Images of spring festivals have been preserved on bronze artifacts, particularly Dong Son bronze drums that have survived for over 2,000 years. Scientists have gradually decoded these artifacts, revealing one astonishing discovery after another. By combining these findings with comparative ethnographic data, we see that many contemporary customs, traditions, and spring festivals of various ethnic groups in Vietnam—including the Kinh, Muong, Tay, Thai, and Central Highlands peoples—were present during the Dong Son era, as revealed by engravings on bronze drums.

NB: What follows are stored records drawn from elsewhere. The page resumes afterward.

lemma card_few_monochromatic_le:
  fixes lam a :: real
  assumes A: "A \<subseteq> {..<N}" and r1: "1 \<le> r" and lam: "0 < lam" "lam < 1"
  shows "real (card {X\<in>tuple_families N r m. real (card {i\<in>{..<m}. X i \<in> monochromatic_tuples N r A}) < a * m})
           \<le> real N ^ (r * m) * (lam powr (-a) * (1 - (1 - lam) * (2 / 2 ^ r))) ^ m"
    (is "real (card ?F) \<le> _")
proof -
  define q where "q = 1 - (1 - lam) * (2 / 2 ^ r)"
  have "real (card ?F) * lam powr (a * m) \<le> (real N ^ r * q) ^ m"
    using chernoff_count[OF finite_tuples _ _ lam, where S="monochromatic_tuples N r A" and p="2 / 2 ^ r" and m=m and c="a * m"]
      card_monochromatic_tuples_ge[OF A r1]
    unfolding tuple_families_def q_def by (simp add: card_tuples monochromatic_tuples_def)
  moreover have "lam powr (a * m) = (lam powr a) ^ m"
    using lam by (simp add: powr_powr[symmetric] powr_realpow)
  ultimately have "real (card ?F) \<le> (real N ^ r * q) ^ m / (lam powr a) ^ m"
    using lam by (simp add: pos_le_divide_eq)
  also have "\<dots> = real N ^ (r * m) * (lam powr (-a) * q) ^ m"
    using lam by (simp add: powr_minus power_divide power_mult_distrib power_mult divide_inverse power_inverse)
  finally show ?thesis unfolding q_def .
qed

The greatest festival of the Vietnamese people, both past and present, occurs in the spring when the weather turns from cold to warm and plants begin to sprout, marking the celebration of a new year. To “bid farewell to the old and welcome in the new”, the Kinh, Muong, and other ethnic groups traditionally erect tall Neu poles in front of their homes. This practice echoes customs from the Dong Son period. The ancients would raise a pole decorated with floral tassels and bird feathers, corresponding to the sacred pole used to tether cattle during sacrificial ceremonies depicted on bronze drums. Scenes show people leading cattle and holding weapons like diagonal axes and spears. Among Highland communities, this tradition has evolved into modern practices like the buffalo-sacrifice ceremony, or “buffalo eating”—a term coined by the scholar G. Condominas in his famous work “We Have Eaten the Forest“. These sacrificial festivals symbolize hopes for abundant harvests.

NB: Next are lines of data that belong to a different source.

lemma lin_indep_Z_pair_iff:
  assumes "P \<in> carrier G" "Q \<in> carrier G"
  shows "lin_indep_Z G (\<lambda>i. if i = 0 then P else Q) 2 \<longleftrightarrow>
    (\<forall>(a::int) (b::int). P [^] a \<otimes> Q [^] b = \<one> \<longrightarrow> a = 0 \<and> b = 0)"
proof -
  have pair: "finprod G (\<lambda>i. (if i = 0 then P else Q) [^] c i) {..<2} = P [^] c 0 \<otimes> Q [^] c 1"
    for c :: "nat \<Rightarrow> int"
  proof -
    have "{..<2::nat} = {0, 1}" by auto
    then show ?thesis using assms by (simp add: m_comm)
  qed
  show ?thesis
  proof
    assume "lin_indep_Z G (\<lambda>i. if i = 0 then P else Q) 2"
    then have coeffs_zero:
      "\<And>c :: nat \<Rightarrow> int. finprod G (\<lambda>i. (if i = 0 then P else Q) [^] c i) {..<2} = \<one> \<Longrightarrow> \<forall>i<2. c i = 0"
      unfolding lin_indep_Z_def by blast
    show "\<forall>(a::int) (b::int). P [^] a \<otimes> Q [^] b = \<one> \<longrightarrow> a = 0 \<and> b = 0"
    proof (intro allI impI)
      fix a b :: int
      assume "P [^] a \<otimes> Q [^] b = \<one>"
      then have "finprod G (\<lambda>i. (if i = 0 then P else Q) [^] (if i = 0 then a else b)) {..<2::nat} = \<one>"
        using pair[of "\<lambda>i. if i = 0 then a else b"] by simp
      then have "\<forall>i<2::nat. (if i = 0 then a else b) = 0"
        by (rule coeffs_zero)
      from this[rule_format, of 0] this[rule_format, of 1] show "a = 0 \<and> b = 0" by simp
    qed
  next
    assume rel: "\<forall>(a::int) (b::int). P [^] a \<otimes> Q [^] b = \<one> \<longrightarrow> a = 0 \<and> b = 0"
    show "lin_indep_Z G (\<lambda>i. if i = 0 then P else Q) 2"
      unfolding lin_indep_Z_def
    proof (intro conjI allI impI)
      fix c :: "nat \<Rightarrow> int" and i :: nat
      assume "finprod G (\<lambda>i. (if i = 0 then P else Q) [^] c i) {..<2} = \<one>" "i < 2"
      then have "c 0 = 0" "c 1 = 0" using rel pair[of c] by simp_all
      with \<open>i < 2\<close> show "c i = 0" using less_2_cases by fastforce
    qed (use assms in simp)
  qed
qed

lemma lin_indep_Z_single:
  assumes "P \<in> carrier G" "P \<notin> torsion G"
  shows "lin_indep_Z G (\<lambda>_. P) 1"
  unfolding lin_indep_Z_def
proof (intro conjI allI impI)
  fix c :: "nat \<Rightarrow> int" and i :: nat
  assume "finprod G (\<lambda>i. P [^] c i) {..<1} = \<one>" "i < 1"
  moreover have "{..<1::nat} = {0}" by auto
  ultimately have "P [^] c 0 = \<one>" "i = 0" using assms(1) by (simp_all add: Pi_def)
  then show "c i = 0" using int_pow_eq_one_imp_torsion assms by blast
qed (use assms in simp)

lemma nonzero_relation_if_not_lin_indep_Z:
  assumes "P \<in> carrier G" "Q \<in> carrier G" "P \<notin> torsion G" "Q \<notin> torsion G"
    and "\<not> lin_indep_Z G (\<lambda>i. if i = 0 then P else Q) 2"
  obtains a b :: int where "a \<noteq> 0" "b \<noteq> 0" "P [^] a \<otimes> Q [^] b = \<one>"
proof -
  obtain a b :: int where rel: "P [^] a \<otimes> Q [^] b = \<one>" and "a \<noteq> 0 \<or> b \<noteq> 0"
    using assms(5) lin_indep_Z_pair_iff[OF assms(1,2)] by blast
  moreover have "a \<noteq> 0"
  proof
    assume "a = 0"
    then have "Q [^] b = \<one>" "b \<noteq> 0" using rel assms(1,2) calculation(2) by simp_all
    then show False using int_pow_eq_one_imp_torsion assms(2,4) by blast
  qed
  moreover have "b \<noteq> 0"
  proof
    assume "b = 0"
    then have "P [^] a = \<one>" using rel assms(1,2) by simp
    then show False using int_pow_eq_one_imp_torsion assms(1,3) \<open>a \<noteq> 0\<close> by blast
  qed
  ultimately show ?thesis using that by blast
qed

end

lemma square_relation_of_hom_image:
  assumes G: "comm_group G" and H: "comm_group H" and h: "h \<in> hom G H"
    and carrier: "P \<in> carrier G" "Q \<in> carrier G" "T \<in> carrier G"
    and T: "T [^]\<^bsub>G\<^esub> N = \<one>\<^bsub>G\<^esub>" and "coprime (x::int) y"
    and img: "h (P [^]\<^bsub>G\<^esub> (x^2) \<otimes>\<^bsub>G\<^esub> Q [^]\<^bsub>G\<^esub> (y^2)) = h T"
  shows "square_relation H (int N) (h P) (h Q)"
proof -
  interpret G: comm_group G by (rule G)
  interpret H: comm_group H by (rule H)
  interpret h: group_hom G H h using h by (simp add: group_hom_def group_hom_axioms_def)
  have "(h P [^]\<^bsub>H\<^esub> (x^2) \<otimes>\<^bsub>H\<^esub> h Q [^]\<^bsub>H\<^esub> (y^2)) [^]\<^bsub>H\<^esub> (int N) = h (T [^]\<^bsub>G\<^esub> N)"
    using img carrier by (simp add: h.hom_int_pow h.hom_nat_pow int_pow_int)
  also have "\<dots> = \<one>\<^bsub>H\<^esub>" using T by simp
  finally show ?thesis
    using \<open>coprime x y\<close> carrier H.pow_mult_int_pow[of "h P" "h Q" "x^2" "y^2" "int N"]
    unfolding square_relation_def by (auto simp: mult.commute)
qed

During their key New Year and harvest festivals, the Dong Son people staged processions around star-sun symbols. These scenes are typically depicted in the center of the drumhead and show processions of people wearing feathered headdresses, carrying spears and axes, playing panpipes, and striking bells, accompanied by four drummers with mallets. These engravings reveal links to the circular Xoe dance of Thai people and the collective dances of the Co Tu people in Quang Nam with their distinctive outstretched hand positions.
Festival scenes also portray couples pounding rice with pestles or preparing pork for feasts. Round-roofed stilt houses are also depicted. According to ethnographic comparisons, these structures served as granaries filled with rice sacks to symbolize bountiful harvests. Besides storehouses, there are curved-roof dwellings with notched staircases – an architectural style still characteristic of many ethnic minority groups in Vietnam’s Central Highlands today.
Dong Son fertility beliefs are evidenced by representations of coupling figures on the lid of the Dao Thinh bronze jar, expressing wishes for human prosperity during the warm spring season.

Boat races were common during Dong Son spring festivals, comparable to modern-day New Year boat races held by various ethnic groups along many rivers. These events also served as water-praying festivals. Along major rivers, temples were built for prayers to water deities, who were asked for favorable weather and protection from floods and droughts. In recent years, researchers have discovered engravings depicting boats with rowers, rudders, and even sails mounted on center masts on Dong Son drums and jars. These images suggest that Dong Son people not only held spring boat races in rivers but possibly organized maritime fishing festivals. Images of split-tailed sea fish and horseshoe crabs engraved on bronze drums prove that ancient Vietnamese people exploited the East Sea’s resources and navigated routes extending south to the Indonesian archipelago and north to the Yangtze River Estuary in southern China. Dong Son drums cast by ancient Vietnamese people have been found in these regions. International scholars acknowledge the long-ago maritime cultural exchanges that brought ancient Vietnamese people to these areas.
Scenes of vibrant spring festivals engraved on Dong Son bronze drums are valuable cultural artifacts, demonstrating that even in ancient times, multiple ethnic communities jointly contributed to the development of Vietnam’s millennia-old civilization.